Could you set down exactly the lines of the data below, starting at the one that holds "sh_def by blast" and ending at the one that holds "then obtain N", both included, and only those?

== THE RECORDS

lemma type_B_word_of_trigon_edges:
  assumes dw: "double_occurrence w"
    and edges: "edge_between w e0 c0 c1" "edge_between w e1 c1 c2" "edge_between w e2 c2 c0"
    and ends: "distinct [e0, Suc e0 mod length w, e1, Suc e1 mod length w, e2, Suc e2 mod length w]"
    and c: "distinct [c0, c1, c2]"
    and B: "exactly_one_interlaced w c0 c1 c2"
  shows "\<exists>N. cyc w N \<and> type_B_word N"
proof -
  let ?n = "length w"
  define sh where "sh p = (p + (?n - e0)) mod ?n" for p
  define w' where "w' = rotate e0 w"
  have e0: "e0 < ?n" using edges(1) unfolding edge_between_def by simp
  then have n0: "0 < ?n" by linarith
  have cyc: "cyc w w'" unfolding w'_def by (rule cyc_rotate)
  have dw': "double_occurrence w'" using cyc_double_occurrence[OF cyc] dw by simp
  have e2: "edge_between w e2 c0 c2" using edges(3) edge_between_sym by metis
  have edges': "edge_between w' 0 c0 c1" "edge_between w' (sh e2) c0 c2"
    "edge_between w' (sh e1) c1 c2"
    using edge_between_rotate[OF edges(1) e0] edge_between_rotate[OF edges(2) e0]
      edge_between_rotate[OF e2 e0] e0
    unfolding w'_def sh_def by simp_all
  have shSuc: "sh (Suc p mod ?n) = Suc (sh p) mod ?n" for p
    unfolding sh_def by (rule shift_Suc_mod)
  let ?ends = "[e0, Suc e0 mod ?n, e1, Suc e1 mod ?n, e2, Suc e2 mod ?n]"
  have "set ?ends \<subseteq> {..<?n}" using edges n0 unfolding edge_between_def by auto
  then have "distinct (map sh ?ends)" using distinct_shift[OF e0 _ ends] unfolding sh_def by blast
  moreover have "sh e0 = 0" unfolding sh_def using e0 by simp
  ultimately have "distinct [0, Suc 0 mod ?n, sh e1, Suc (sh e1) mod ?n, sh e2, Suc (sh e2) mod ?n]"
    by (simp only: list.map shSuc)
  then have ends': "distinct [0, 1, sh e2, Suc (sh e2) mod length w', sh e1, Suc (sh e1) mod length w']"
    unfolding w'_def by (auto simp: mod_Suc split: if_splits)
  have "exactly_one_interlaced w' c0 c1 c2" using exactly_one_interlaced_cyc[OF cyc dw] B by simp
  then obtain N where "cyc w' N" "type_B_word N"
    using type_B_word_of_edges_at_start[OF dw' edges' ends' c] by blast
  then show ?thesis using cyc_trans cyc by blast
qed
(* In the setting of the construction below, let $D\in\mathfrak M$, $D\subseteq\mathbb P$, be pre-dense in $\mathbb P$, and let $U\in\mathbb U$. Then $U\subseteq\bigcup D'$ for some finite $D'\subseteq D$. Moreover, $D$ is pre-dense in $\mathbb U\cup\mathbb P$.
   Context: Notation. $2^{<\omega}$ is the set of finite binary strings, $\Lambda$ the empty string, $\mathrm{lh}(s)$ the length of $s$, $2^n$ the set of strings of length $n$, $s\subseteq t$ means $t$ extends $s$, $s^\frown t$ concatenation. For strings $s,t$ with $\mathrm{lh}(s)\le\mathrm{lh}(t)$, $s\cdot t$ is the string of length $\mathrm{lh}(t)$ with $(s\cdot t)(k)=t(k)+s(k)\bmod 2$ for $k<\mathrm{lh}(s)$ and $(s\cdot t)(k)=t(k)$ otherwise; if $\mathrm{lh}(s)>\mathrm{lh}(t)$ then $s\cdot t=(s\restriction\mathrm{lh}(t))\cdot t$. For $T\subseteq 2^{<\omega}$, $s\cdot T=\{s\cdot t:t\in T\}$. For a tree $T$ and $s\in T$, $T\upharpoonright s=\{t\in T:s\subseteq t\lor t\subseteq s\}$. A perfect tree is a nonempty tree $T\subseteq 2^{<\omega}$ with no endpoints and no isolated branches; its stem $\mathrm{stem}(T)$ is the largest $s\in T$ with $T=T\upharpoonright s$. A perfect tree $T$ is large, written $T\in\mathbf{LT}$, if there are nonempty strings $q^i_n$ ($n<\omega$, $i=0,1$) with $\mathrm{lh}(q^0_n)=\mathrm{lh}(q^1_n)\ge1$ and $q^i_n(0)=i$, such that $T$ consists exactly of all initial segments of strings $r^\frown q^{i(0)}_0{}^\frown\cdots{}^\frown q^{i(n)}_n$, where $r=\mathrm{stem}(T)$, $n<\omega$, $i(0),\dots,i(n)\in\{0,1\}$. Its splitting levels are $\mathrm{spl}_0(T)=\mathrm{lh}(r)$, $\mathrm{spl}_{n+1}(T)=\mathrm{spl}_n(T)+\mathrm{lh}(q^0_n)$. For $T\in\mathbf{LT}$ and $i\in\{0,1\}$, $T(\to i)=T\upharpoonright(\mathrm{stem}(T)^\frown i)$; for $s\in 2^n$ with $n\ge1$, $T(\to s)=(\cdots((T(\to s(0)))(\to s(1)))\cdots)(\to s(n-1))$, and $T(\to\Lambda)=T$. For $S,T\in\mathbf{LT}$, $S\subseteq_n T$ means $S\subseteq T$ and $\mathrm{spl}_k(S)=\mathrm{spl}_k(T)$ for all $k<n$. A large-tree forcing notion (LTF) is a set $\mathbb P\subseteq\mathbf{LT}$ such that $T\upharpoonright u\in\mathbb P$ whenever $u\in T\in\mathbb P$, and $s\cdot T\in\mathbb P$ whenever $T\in\mathbb P$ and $s\in 2^{<\omega}$; ordered by inclusion (smaller is stronger). $\mathbf{LC}_n(\mathbb P)$ is the set of $T\in\mathbf{LT}$ with $T(\to s)\in\mathbb P$ for all $s\in 2^n$. Multitrees. A multitree is a sequence $\varphi=\langle\langle\tau^\varphi_k,p^\varphi_k\rangle:k<\omega\rangle$ with $p^\varphi_k\in\omega\cup\{-1\}$, such that the support $|\varphi|=\{k:p^\varphi_k\ne-1\}$ is finite; for $k\in|\varphi|$, $\tau^\varphi_k=\langle T^\varphi_k(0),\dots,T^\varphi_k(p^\varphi_k)\rangle$ with each $T^\varphi_k(n)\in\mathbf{LT}$ and $T^\varphi_k(n)\subseteq_n T^\varphi_k(n-1)$ for $1\le n\le p^\varphi_k$; for $k\notin|\varphi|$, $\tau^\varphi_k$ is empty. $\psi\preccurlyeq\varphi$ means $|\psi|\subseteq|\varphi|$ and for $k\in|\psi|$: $p^\varphi_k\ge p^\psi_k$ and $T^\varphi_k(n)=T^\psi_k(n)$ for all $n\le p^\psi_k$. $\mathbf{MT}(\mathbb P)$ is the set of multitrees $\varphi$ with $T^\varphi_k(n)\in\mathbf{LC}_n(\mathbb P)$ for all $k\in|\varphi|$, $n\le p^\varphi_k$. Construction. $\mathrm{ZFC}'$ is ZFC without the power set axiom plus the axiom that $\mathcal P(\omega)$ exists. Let $\mathfrak M$ be a countable transitive model of $\mathrm{ZFC}'$ and $\mathbb P\in\mathfrak M$ an LTF. Let $\Phi=\langle\varphi(j):j<\omega\rangle$ be a $\preccurlyeq$-increasing sequence in $\mathbf{MT}(\mathbb P)$ meeting every set $D\in\mathfrak M$, $D\subseteq\mathbf{MT}(\mathbb P)$, which is dense (every $\psi\in\mathbf{MT}(\mathbb P)$ has some $\varphi\in D$ with $\psi\preccurlyeq\varphi$). Then for each $k$ there are trees $T^\Phi_k(n)\in\mathbf{LC}_n(\mathbb P)$, $n<\omega$, with $T^\Phi_k(n+1)\subseteq_{n+1}T^\Phi_k(n)$, such that $T^{\varphi(j)}_k(n)=T^\Phi_k(n)$ whenever $k\in|\varphi(j)|$ and $n\le p^{\varphi(j)}_k$. Put $U^\Phi_k=\bigcap_n T^\Phi_k(n)\in\mathbf{LT}$, $U^\Phi_k(s)=U^\Phi_k(\to s)$ for $s\in 2^{<\omega}$, and $\mathbb U=\{\sigma\cdot U^\Phi_k(s):k<\omega,\ s,\sigma\in 2^{<\omega}\}$. *)

theory Defs
  imports Main "HOL-Library.Sublist"
begin

text \<open>Finite binary strings are bool lists (False = 0, True = 1); trees are sets of strings.\<close>

type_synonym str = "bool list"
type_synonym tree = "bool list set"

definition dot :: "str \<Rightarrow> str \<Rightarrow> str" where
  "dot s t = map (\<lambda>k. if k < length s then (s ! k \<noteq> t ! k) else t ! k) [0..<length t]"

definition shiftT :: "str \<Rightarrow> tree \<Rightarrow> tree" where
  "shiftT s T = dot s ` T"

definition restr :: "tree \<Rightarrow> str \<Rightarrow> tree" where
  "restr T u = {t \<in> T. prefix u t \<or> prefix t u}"

text \<open>Large trees: witnessed by stem r and strings q n i.\<close>
definition LT_wit :: "tree \<Rightarrow> str \<Rightarrow> (nat \<Rightarrow> bool \<Rightarrow> str) \<Rightarrow> bool" where
  "LT_wit T r q \<longleftrightarrow>
     (\<forall>n. length (q n False) = length (q n True) \<and> length (q n False) \<ge> 1
          \<and> q n False ! 0 = False \<and> q n True ! 0 = True) \<and>
     T = {t. \<exists>n is. length is = Suc n \<and>
                 prefix t (r @ concat (map (\<lambda>m. q m (is ! m)) [0..<Suc n]))}"

definition LT :: "tree \<Rightarrow> bool" where
  "LT T \<longleftrightarrow> (\<exists>r q. LT_wit T r q)"

definition stem :: "tree \<Rightarrow> str" where
  "stem T = (THE s. s \<in> T \<and> T = restr T s \<and> (\<forall>u. u \<in> T \<and> T = restr T u \<longrightarrow> prefix u s))"

definition spl :: "tree \<Rightarrow> nat \<Rightarrow> nat" where
  "spl T n = (SOME v. \<exists>r q. LT_wit T r q \<and> v = length r + (\<Sum>m<n. length (q m False)))"

definition goto1 :: "tree \<Rightarrow> bool \<Rightarrow> tree" where
  "goto1 T i = restr T (stem T @ [i])"

fun goto :: "tree \<Rightarrow> str \<Rightarrow> tree" where
  "goto T [] = T"
| "goto T (i # s) = goto (goto1 T i) s"

definition subn :: "tree \<Rightarrow> tree \<Rightarrow> nat \<Rightarrow> bool" where
  "subn S T n \<longleftrightarrow> LT S \<and> LT T \<and> S \<subseteq> T \<and> (\<forall>k<n. spl S k = spl T k)"

definition LTF :: "tree set \<Rightarrow> bool" where
  "LTF P \<longleftrightarrow> (\<forall>T\<in>P. LT T) \<and> (\<forall>T\<in>P. \<forall>u\<in>T. restr T u \<in> P)
             \<and> (\<forall>T\<in>P. \<forall>s. shiftT s T \<in> P)"

definition LC :: "nat \<Rightarrow> tree set \<Rightarrow> tree set" where
  "LC n P = {T. LT T \<and> (\<forall>s. length s = n \<longrightarrow> goto T s \<in> P)}"

text \<open>Multitrees: component k is the list tau_k = [T_k(0),...,T_k(p_k)], so p_k = length - 1
  and p_k = -1 iff the list is empty.\<close>
type_synonym mtree = "nat \<Rightarrow> tree list"

definition supp :: "mtree \<Rightarrow> nat set" where
  "supp \<phi> = {k. \<phi> k \<noteq> []}"

definition is_multitree :: "mtree \<Rightarrow> bool" where
  "is_multitree \<phi> \<longleftrightarrow> finite (supp \<phi>) \<and>
     (\<forall>k. (\<forall>n<length (\<phi> k). LT (\<phi> k ! n)) \<and>
          (\<forall>n. 1 \<le> n \<and> n < length (\<phi> k) \<longrightarrow> subn (\<phi> k ! n) (\<phi> k ! (n - 1)) n))"

definition mt_le :: "mtree \<Rightarrow> mtree \<Rightarrow> bool" where
  "mt_le \<psi> \<phi> \<longleftrightarrow> (\<forall>k. \<psi> k \<noteq> [] \<longrightarrow> prefix (\<psi> k) (\<phi> k))"

definition MT :: "tree set \<Rightarrow> mtree set" where
  "MT P = {\<phi>. is_multitree \<phi> \<and> (\<forall>k n. n < length (\<phi> k) \<longrightarrow> \<phi> k ! n \<in> LC n P)}"

definition dense_MT :: "tree set \<Rightarrow> mtree set \<Rightarrow> bool" where
  "dense_MT P X \<longleftrightarrow> X \<subseteq> MT P \<and> (\<forall>\<psi>\<in>MT P. \<exists>\<phi>\<in>X. mt_le \<psi> \<phi>)"

text \<open>The following set of multitrees is definable in the ground model from D, P and k;
  it is used to express that such sets belong to the model.\<close>
definition cover_set :: "tree set \<Rightarrow> tree set \<Rightarrow> nat \<Rightarrow> mtree set" where
  "cover_set P D k = {\<phi> \<in> MT P. k \<in> supp \<phi> \<and>
      (\<forall>s. length s = length (\<phi> k) - 1 \<longrightarrow> (\<exists>S\<in>D. goto (last (\<phi> k)) s \<subseteq> S))}"

definition predense :: "tree set \<Rightarrow> tree set \<Rightarrow> bool" where
  "predense D Q \<longleftrightarrow> (\<forall>T\<in>Q. \<exists>S\<in>D. \<exists>R\<in>Q. R \<subseteq> T \<and> R \<subseteq> S)"

definition Uk :: "(nat \<Rightarrow> nat \<Rightarrow> tree) \<Rightarrow> nat \<Rightarrow> tree" where
  "Uk TP k = (\<Inter>n. TP k n)"

definition UU :: "(nat \<Rightarrow> nat \<Rightarrow> tree) \<Rightarrow> tree set" where
  "UU TP = {shiftT \<sigma> (goto (Uk TP k) s) | k s \<sigma>. True}"

end

theory Submission
  imports Defs
begin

====

EXERCISE ANSWER
  then have "distinct (map sh ?ends)" using distinct_shift[OF e0 _ ends] unfolding sh_def by blast
  moreover have "sh e0 = 0" unfolding sh_def using e0 by simp
  ultimately have "distinct [0, Suc 0 mod ?n, sh e1, Suc (sh e1) mod ?n, sh e2, Suc (sh e2) mod ?n]"
    by (simp only: list.map shSuc)
  then have ends': "distinct [0, 1, sh e2, Suc (sh e2) mod length w', sh e1, Suc (sh e1) mod length w']"
    unfolding w'_def by (auto simp: mod_Suc split: if_splits)
  have "exactly_one_interlaced w' c0 c1 c2" using exactly_one_interlaced_cyc[OF cyc dw] B by simp
  then obtain N where "cyc w' N" "type_B_word N"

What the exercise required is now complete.